Почему России нужно найти сильных врагов, которые её не предадут
***
Коллинз Рэндалл. Макроистория: Очерки социологии большой длительности. М: URSS, 2021
Нашей стране постоянно мешают. Запад мешает ей развиваться; бывшие союзники мешают восстановить былое величие; оппозиция мешает достичь единства и патриотической мобилизации. О боже! Заключите российское государство в скорлупу ореха, и оно наконец сможет осуществить… Что? Коммунизм? Полную приватизацию? Майские указы? Статус-кво?

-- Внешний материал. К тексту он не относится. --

lemma total_surplus_R_roommate_of:
  fixes \<nu> :: "'x::finite \<Rightarrow> 'x \<Rightarrow> nat"
  assumes symmetric: "\<And>x y. Phi x y = Phi y x"
  shows "total_surplus_R (roommate_of \<nu>) Phi = bipartite_surplus \<nu> Phi"
proof -
  define g where "g x y = real (\<nu> x y + \<nu> y x) * Phi x y / 2" for x y
  have off_diagonal: "(\<Sum>y\<in>UNIV - {x}. real (roommate_of \<nu> x y) * Phi x y / 2)
      = (\<Sum>y\<in>UNIV. g x y) - real (\<nu> x x) * Phi x x" for x
  proof -
    have "(\<Sum>y\<in>UNIV - {x}. real (roommate_of \<nu> x y) * Phi x y / 2) = (\<Sum>y\<in>UNIV - {x}. g x y)"
      by (rule sum.cong) (auto simp: roommate_of_def g_def)
    moreover have "(\<Sum>y\<in>UNIV. g x y) = g x x + (\<Sum>y\<in>UNIV - {x}. g x y)"
      by (simp add: sum.remove[of UNIV x])
    ultimately show ?thesis by (simp add: g_def)
  qed
  have "total_surplus_R (roommate_of \<nu>) Phi
      = (\<Sum>x\<in>UNIV. real (\<nu> x x) * Phi x x) + (\<Sum>x\<in>UNIV. (\<Sum>y\<in>UNIV. g x y) - real (\<nu> x x) * Phi x x)"
    unfolding total_surplus_R_def off_diagonal by (simp add: roommate_of_def)
  also have "\<dots> = (\<Sum>x\<in>UNIV. \<Sum>y\<in>UNIV. g x y)"
    by (simp add: sum_subtractf)
  also have "\<dots> = (bipartite_surplus \<nu> Phi + (\<Sum>x\<in>UNIV. \<Sum>y\<in>UNIV. real (\<nu> y x) * Phi y x)) / 2"
    by (simp add: g_def bipartite_surplus_def symmetric sum.distrib algebra_simps flip: sum_divide_distrib)
  also have "(\<Sum>x\<in>UNIV. \<Sum>y\<in>UNIV. real (\<nu> y x) * Phi y x) = bipartite_surplus \<nu> Phi"
    unfolding bipartite_surplus_def by (rule sum.swap)
  finally show ?thesis by simp
qed

lemma stable_outcome_R_roommate_of:
  fixes \<nu> :: "'x::finite \<Rightarrow> 'x \<Rightarrow> nat"
  assumes symmetric: "\<And>x y. Phi x y = Phi y x"
    and feasible: "bipartite_feasible m \<nu>"
    and "\<And>x. 0 \<le> u x" and "\<And>y. 0 \<le> v y" and dual: "\<And>x y. Phi x y \<le> u x + v y"
    and surplus: "bipartite_surplus \<nu> Phi = (\<Sum>x\<in>UNIV. real (m x) * (u x + v x))"
  shows "stable_outcome_R (\<lambda>x. 2 * m x) Phi (roommate_of \<nu>) (\<lambda>x. (u x + v x) / 2)"
  unfolding stable_outcome_R_def
proof (intro conjI allI)
  show "feasible_roommate (\<lambda>x. 2 * m x) (roommate_of \<nu>)"
    by (rule feasible_roommate_of[OF feasible])
  show "(\<Sum>x\<in>UNIV. real (2 * m x) * ((u x + v x) / 2)) = total_surplus_R (roommate_of \<nu>) Phi"
    using symmetric by (simp add: total_surplus_R_roommate_of surplus)
  show "0 \<le> (u x + v x) / 2" for x
    using \<open>0 \<le> u x\<close> \<open>0 \<le> v x\<close> by simp
  show "Phi x y \<le> (u x + v x) / 2 + (u y + v y) / 2" for x y
    using dual[of x y] dual[of y x] symmetric[of x y] by (simp add: field_simps)
qed

theorem corollary1:
  fixes n :: "'x::finite \<Rightarrow> nat" and Phi :: "'x \<Rightarrow> 'x \<Rightarrow> real"
  assumes "\<forall>x. even (n x)"
    and "\<forall>x y. Phi x y = Phi y x"
  shows "\<exists>mu. stable_roommate_matching n Phi mu"
proof -
  define m where "m x = n x div 2" for x
  have n_eq: "n = (\<lambda>x. 2 * m x)"
    using assms(1) by (auto simp: m_def)
  obtain \<nu> u v where "bipartite_feasible m \<nu>"
    and "\<And>x. 0 \<le> u x" and "\<And>y. 0 \<le> v y" and "\<And>x y. Phi x y \<le> u x + v y"
    and "bipartite_surplus \<nu> Phi = (\<Sum>x\<in>UNIV. real (m x) * (u x + v x))"
    using bipartite_duality by blast
  then have "stable_outcome_R n Phi (roommate_of \<nu>) (\<lambda>x. (u x + v x) / 2)"
    unfolding n_eq using assms(2) by (intro stable_outcome_R_roommate_of) simp_all
  then show ?thesis
    unfolding stable_roommate_matching_def by blast
qed

end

Конечно, внешние и внутренние конфликты разрушали великие империи. Но наивно полагать, что отсутствие противоречий означает устойчивое, целенаправленное развитие. Однажды мир достигнет достаточно разумного и динамичного народного управления. А пока что, как и всю предшествовавшую историю, государство (экономика, общество) развивается, адаптируясь к новым вызовам и новым соотношениям сил. Если великие империи и рушились, то отнюдь не в момент своего расцвета (пусть и под грузом завоёванных территорий). Вопреки предсказаниям антиутопий, даже самые жёсткие системы контроля и угнетения не достигли столь устойчивой «автаркии», чтобы увековечить свою «стабильность».
Идея, что конфликты связаны с динамикой жизни и могут нести благо, давно известна в искусстве и теории революции. Важно, что сегодня её признали даже такие прагматичные и консервативные дисциплины, как теория элит и геополитика. Исследователи пришли к парадоксальному выводу: обхитрить или победить всех, навязать окружающим свою волю — политика, обречённая на провал. Успех отдельного государства лучше связывать с балансом целой сети противоречивых взаимоотношений — как с другими странами, так и с группами во внутренней политике. Именно решение этой задачи ведёт к усложнению культуры, этики, методов управления и т. д., а не примитивное стремление подавить всех несогласных.
Социолог из США Рэндалл Коллинз в книге «Макроистория: Очерки социологии большой длительности» показывает, как постоянное противостояние государств, классов и элитных групп толкало вперёд историю экономики, государства, культуры, языка, национализма и демократии; причём не только в «прогрессивной» Европе, но и по всему миру.
Автор утверждает, что общественные науки в целом подошли к невозможности рассматривать историю одной страны в отдельности от более крупных международных систем. Национальные истории сильно тяготели к телеологии, т. е. к детерминированности каким-то изначальными особенностями культуры (или, как показано у Нисбета, — божественным замыслом, природой, судьбой): Англии было предначертано стать демократией, а Германия всегда стремилась к нацистской диктатуре. Иначе сложно было объяснить, как страны, шедшие по схожему пути, получали столь разные результаты.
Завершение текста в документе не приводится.